Duckworth et al. (2007) initially proposed that individuals who possess a drive to tirelessly work through challenges, failures, and adversity to achieve set goals are uniquely positioned to reach higher achievements than others who lack similar stamina. In a series of six studies Duckworth et al. proposed, developed, and tested a two-factor grit scale with notable results. In addition to validating their grit scale, the authors also found support suggesting that grit provided incremental predictive validity for education and age above and beyond the Big Five personality traits (Study 2); that higher levels of grit were more highly associated with cumulative grade point average (GPA) in an Ivy league sample when compared to those with lower grit levels (r = 0.25, p < 0.01; Study 3); that grit predicted retention after their first summer in two classes of cadets at the United States Military Academy (Study 4); and that participants in a National Spelling Bee with higher grit scores typically work harder and longer than less gritty peers, ultimately resulting in better performance. This series of studies provides empirical evidence that an individual difference conceptualized as grit can account for significant variance in performance across a variety of settings.

Although Duckworth argued that grit predicted academic performance better than the Big Five personality traits, that claim was later called into question by Kaili Rimfeld and colleagues, who argued that Big Five personality factors have equal predictive ability, and by Crede, who concluded that grit is very strongly correlated with conscientiousness, and found that after controlling for conscientiousness, only one component of grit (perseverance of effort) explains variance in academic performance.

Rimfeld et al. in 2016 conducted the largest study of grit in the United Kingdom, that was based on academic achievement of 2,321 twin pairs (U.K.-representative sample and genetically sensitive design), and compared the predictive ability of grit as a trait (measured by the Grit-S) to the predictions based on Big Five personality traits. Rimfeld et al. found that while personality is a significant predictor of academic achievement, grit as a separate construct added little to the prediction of academic achievement derived from Big Five personality factors, such as conscientiousness.
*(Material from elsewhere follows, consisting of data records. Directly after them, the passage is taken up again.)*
lemma sep_form_le:
  fixes g :: "nat \<Rightarrow> real"
  assumes p: "0 < p" "p < 1"
  shows "2 \<le> m \<Longrightarrow> \<forall>j\<in>{1..m}. 0 \<le> g j \<Longrightarrow> \<forall>j\<in>{1..<m}. g (Suc j) \<le> p * g j \<Longrightarrow>
    sep_form p m g \<le> oa_C p m * (\<Sum>j\<in>{1..m}. g j)"
proof (induction m arbitrary: g rule: less_induct)
  case (less m)
  obtain h c where g: "g = (\<lambda>j. h j + c * p ^ (j - 1))" and h_nonneg: "\<forall>j\<in>{1..m}. 0 \<le> h j"
    and h_m: "h m = 0" and h_ratio: "\<forall>j\<in>{1..<m}. h (Suc j) \<le> p * h j"
    by (rule ratio_cone_peel[OF p(1) less.prems(2,3)])
  have h_le: "sep_form p m h \<le> oa_C p m * (\<Sum>j\<in>{1..m}. h j)"
  proof (cases "m = 2")
    case True
    then have "sep_form p m h = h 1" "(\<Sum>j\<in>{1..m}. h j) = h 1"
      using h_m by (simp_all add: sep_form_def atLeastAtMostSuc_conv numeral_2_eq_2)
    moreover have "0 \<le> h 1"
      using True h_nonneg by simp
    ultimately show ?thesis
      using one_le_oa_C[OF p] by (simp add: mult_le_cancel_right1)
  next
    case False
    then obtain k where m: "m = Suc k" "2 \<le> k"
      using less.prems(1) by (cases m) auto
    have "sep_form p m h = sep_form p k h"
      using m h_m by (simp add: sep_form_Suc)
    also have "\<dots> \<le> oa_C p k * (\<Sum>j\<in>{1..k}. h j)"
      using m h_nonneg h_ratio by (intro less.IH) auto
    also have "\<dots> \<le> oa_C p m * (\<Sum>j\<in>{1..k}. h j)"
      using m h_nonneg oa_C_mono[OF p, of k] by (intro mult_right_mono sum_nonneg) auto
    also have "(\<Sum>j\<in>{1..k}. h j) = (\<Sum>j\<in>{1..m}. h j)"
      using m h_m by simp
    finally show ?thesis .
  qed
  have "sep_form p m g = sep_form p m h + c * (oa_C p m * geom_sum p m)"
    using sep_form_geom[OF p less.prems(1)] by (simp add: g sep_form_add sep_form_scale)
  also have "\<dots> \<le> oa_C p m * (\<Sum>j\<in>{1..m}. h j) + c * (oa_C p m * geom_sum p m)"
    using h_le by simp
  also have "\<dots> = oa_C p m * (\<Sum>j\<in>{1..m}. g j)"
    by (simp add: g sum.distrib sum_distrib_left geom_sum_eq_sum_power_pred algebra_simps)
  finally show ?case .
qed

function D_dual :: "(nat \<Rightarrow> nat \<Rightarrow> real) \<Rightarrow> nat \<Rightarrow> real" where
  "D_dual g m = real m * (1 + (\<Sum>k\<in>{2..<m}. D_dual g k * (g m k - g m (Suc k)))) / (1 - real m * g m m)"
  by pat_completeness auto
termination by (relation "measure (\<lambda>(g, m). m)") auto

declare D_dual.simps [simp del]

lemma sum_triangle_swap:
  fixes F :: "nat \<Rightarrow> nat \<Rightarrow> 'a::comm_monoid_add"
  shows "(\<Sum>n\<in>{2..K}. \<Sum>j\<in>{2..<n}. F n j) = (\<Sum>j\<in>{2..<K}. \<Sum>n\<in>{j<..K}. F n j)"
proof -
  have "(\<Sum>n\<in>{2..K}. \<Sum>j\<in>{2..<n}. F n j) = (\<Sum>n\<in>{2..K}. \<Sum>j\<in>{j\<in>{2..<K}. j < n}. F n j)"
    by (intro sum.cong refl) auto
  also have "\<dots> = (\<Sum>j\<in>{2..<K}. \<Sum>n\<in>{n\<in>{2..K}. j < n}. F n j)"
    by (rule sum.swap_restrict) auto
  also have "\<dots> = (\<Sum>j\<in>{2..<K}. \<Sum>n\<in>{j<..K}. F n j)"
    by (intro sum.cong refl) auto
  finally show ?thesis .
qed

lemma sum_eq_of_transposed_recursions:
  fixes E a u :: "nat \<Rightarrow> real" and c :: "nat \<Rightarrow> nat \<Rightarrow> real"
  assumes K: "2 \<le> K"
    and E: "\<And>n. n \<in> {2..<K} \<Longrightarrow> E n = a n * (\<Sum>m\<in>{n<..K}. c m n * E m)"
    and u: "\<And>k. k \<in> {2..K} \<Longrightarrow> u k = 1 + (\<Sum>j\<in>{2..<k}. a j * u j * c k j)"
  shows "(\<Sum>n\<in>{2..K}. E n) = E K * u K"
proof -
  have "E n * u n = E n + (\<Sum>j\<in>{2..<n}. E n * (a j * u j * c n j))" if "n \<in> {2..K}" for n
    using u[OF that] by (simp add: distrib_left sum_distrib_left)
  then have "(\<Sum>n\<in>{2..K}. E n * u n) = (\<Sum>n\<in>{2..K}. E n) + (\<Sum>n\<in>{2..K}. \<Sum>j\<in>{2..<n}. E n * (a j * u j * c n j))"
    by (simp add: sum.distrib)
  also have "(\<Sum>n\<in>{2..K}. \<Sum>j\<in>{2..<n}. E n * (a j * u j * c n j)) =
      (\<Sum>j\<in>{2..<K}. \<Sum>n\<in>{j<..K}. E n * (a j * u j * c n j))"
    by (rule sum_triangle_swap)
  also have "\<dots> = (\<Sum>j\<in>{2..<K}. E j * u j)"
  proof (intro sum.cong refl)
    fix j assume "j \<in> {2..<K}"
    show "(\<Sum>n\<in>{j<..K}. E n * (a j * u j * c n j)) = E j * u j"
      by (simp add: E[OF \<open>j \<in> {2..<K}\<close>] sum_distrib_left sum_distrib_right algebra_simps)
  qed
  finally have "(\<Sum>n\<in>{2..K}. E n * u n) = (\<Sum>n\<in>{2..K}. E n) + (\<Sum>j\<in>{2..<K}. E j * u j)" .
  moreover have "{2..K} = insert K {2..<K}"
    using K by auto
  ultimately show ?thesis
    by simp
qed

lemma D_reversed:
  assumes n: "n \<in> {2..<K}"
  shows "D K f (K - n + 1) = real n / (1 - real n * f n {1..n})
    * (\<Sum>m\<in>{n<..K}. (f n {1..m} - f (Suc n) {1..m}) * D K f (K - m + 1))"
proof -
  have "(\<Sum>i\<in>{1..K - n}. Delta K f i (K - n + 1) * D K f i) =
      (\<Sum>m\<in>{n<..K}. (f n {1..m} - f (Suc n) {1..m}) * D K f (K - m + 1))"
  proof (rule sum.reindex_bij_witness[where i = "\<lambda>m. K - m + 1" and j = "\<lambda>i. K - i + 1"])
    fix i assume "i \<in> {1..K - n}"
    then have "K - (K - i + 1) + 1 = i" "K - (K - n + 1) + 1 = n" "K - (K - n + 1) + 2 = Suc n"
      "Suc (K - Suc (K - i)) = i"
      using n by auto
    then show "(f n {1..K - i + 1} - f (Suc n) {1..K - i + 1}) * D K f (K - (K - i + 1) + 1) =
        Delta K f i (K - n + 1) * D K f i"
      by (simp add: Delta_def)
  qed (use n in auto)
  moreover have "\<not> K - n + 1 \<le> 1" "K - (K - n + 1) + 1 = n"
    using n by auto
  ultimately show ?thesis
    by (subst D.simps) simp
qed

lemma sum_D_eq_D_dual:
  assumes K: "2 \<le> K"
  shows "(\<Sum>r\<in>{1..K-1}. D K f r) = D_dual (\<lambda>m j. f j {1..m}) K / real K"
proof -
  define g where "g = (\<lambda>m j. f j {1..m})"
  define E where "E = (\<lambda>n. D K f (K - n + 1))"
  define a where "a = (\<lambda>n. real n / (1 - real n * g n n))"
  define c where "c = (\<lambda>m n. g m n - g m (Suc n))"
  define u where "u = (\<lambda>k. 1 + (\<Sum>j\<in>{2..<k}. D_dual g j * c k j))"
  have D_dual_au: "D_dual g k = a k * u k" for k
    by (subst D_dual.simps) (simp add: a_def u_def c_def)
  have "(\<Sum>r\<in>{1..K-1}. D K f r) = (\<Sum>n\<in>{2..K}. E n)"
    by (rule sum.reindex_bij_witness[where i = "\<lambda>n. K - n + 1" and j = "\<lambda>r. K - r + 1"])
      (use K in \<open>auto simp: E_def\<close>)
  also have "\<dots> = E K * u K"
  proof (rule sum_eq_of_transposed_recursions[OF K, where a = a and c = c])
    show "E n = a n * (\<Sum>m\<in>{n<..K}. c m n * E m)" if "n \<in> {2..<K}" for n
      unfolding E_def a_def c_def g_def by (rule D_reversed[OF that])
  qed (simp only: D_dual_au[symmetric], simp add: u_def)
  also have "\<dots> = D_dual g K / real K"
  proof -
    have "E K = 1 / (1 - real K * g K K)"
      by (simp add: E_def D.simps g_def)
    with K show ?thesis
      by (simp add: D_dual_au a_def)
  qed
  finally show ?thesis
    by (simp add: g_def)
qed

definition sep_weights :: "real \<Rightarrow> nat \<Rightarrow> (nat \<Rightarrow> real) \<Rightarrow> bool" where
  "sep_weights p m w \<longleftrightarrow>
     (\<forall>j\<in>{1..m}. 0 < w j) \<and> (\<forall>j\<in>{1..<m}. w (Suc j) \<le> p * w j) \<and> (\<Sum>j\<in>{1..m}. w j) = 1"

lemma sep_weights_restriction:
  assumes "in_Mp p K f" "separable_wrt p K f id" "m \<in> {2..K}"
  shows "sep_weights p m (\<lambda>j. f j {1..m})"
proof -
  have S: "{1..m} \<in> choice_sets K"
    using assms(3) by (auto simp: choice_sets_def)
  with assms show ?thesis
    unfolding sep_weights_def in_Mp_def separable_wrt_def by auto
qed

lemma sep_weights_last_lt:
  assumes p: "0 < p" "p < 1" and w: "sep_weights p m w" and m: "2 \<le> m"
  shows "real m * w m < 1"
proof -
  have pos: "\<forall>j\<in>{1..m}. 0 < w j" and ratio: "\<forall>j\<in>{1..<m}. w (Suc j) \<le> p * w j"
    and sum: "(\<Sum>j\<in>{1..m}. w j) = 1"
    using w by (simp_all add: sep_weights_def)
  have le: "w m \<le> w j" if j: "j \<in> {1..m}" for j
  proof -
    have "w m \<le> p ^ (m - j) * w j"
      using ratio_chain_le[of p m w j] p ratio j by simp
    also have "\<dots> \<le> w j"
      using pos j p by (intro mult_left_le_one_le power_le_one) (auto simp: less_imp_le)
    finally show ?thesis .
  qed
  have "w m \<le> p ^ (m - 1) * w 1"
    using ratio_chain_le[of p m w 1] p ratio m by simp
  also have "\<dots> < 1 * w 1"
    using pos m p by (intro mult_strict_right_mono) (auto simp: power_less_one_iff)
  finally have "(\<Sum>j\<in>{1..m}. w m) < (\<Sum>j\<in>{1..m}. w j)"
    using le m by (intro sum_strict_mono_ex1) (auto intro: bexI[of _ 1])
  with sum show ?thesis
    by simp
qed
Crede, Tynan, and Harms in 2016 conducted a meta-analytic synthesis of prior empirical research on grit by summarizing data from 88 independent samples and over 66,000 individuals, and found that grit is only moderately correlated with performance, and that only one component of grit that was described by Duckworth et al. in 2007 (perseverance of effort) explains variance in academic performance. The study consequently suggested to separate consistency of interest (passion) from the perseverance (effort), since Crede et al. observed that contribution of grit to the prediction of success mostly stems from the perseverance of effort.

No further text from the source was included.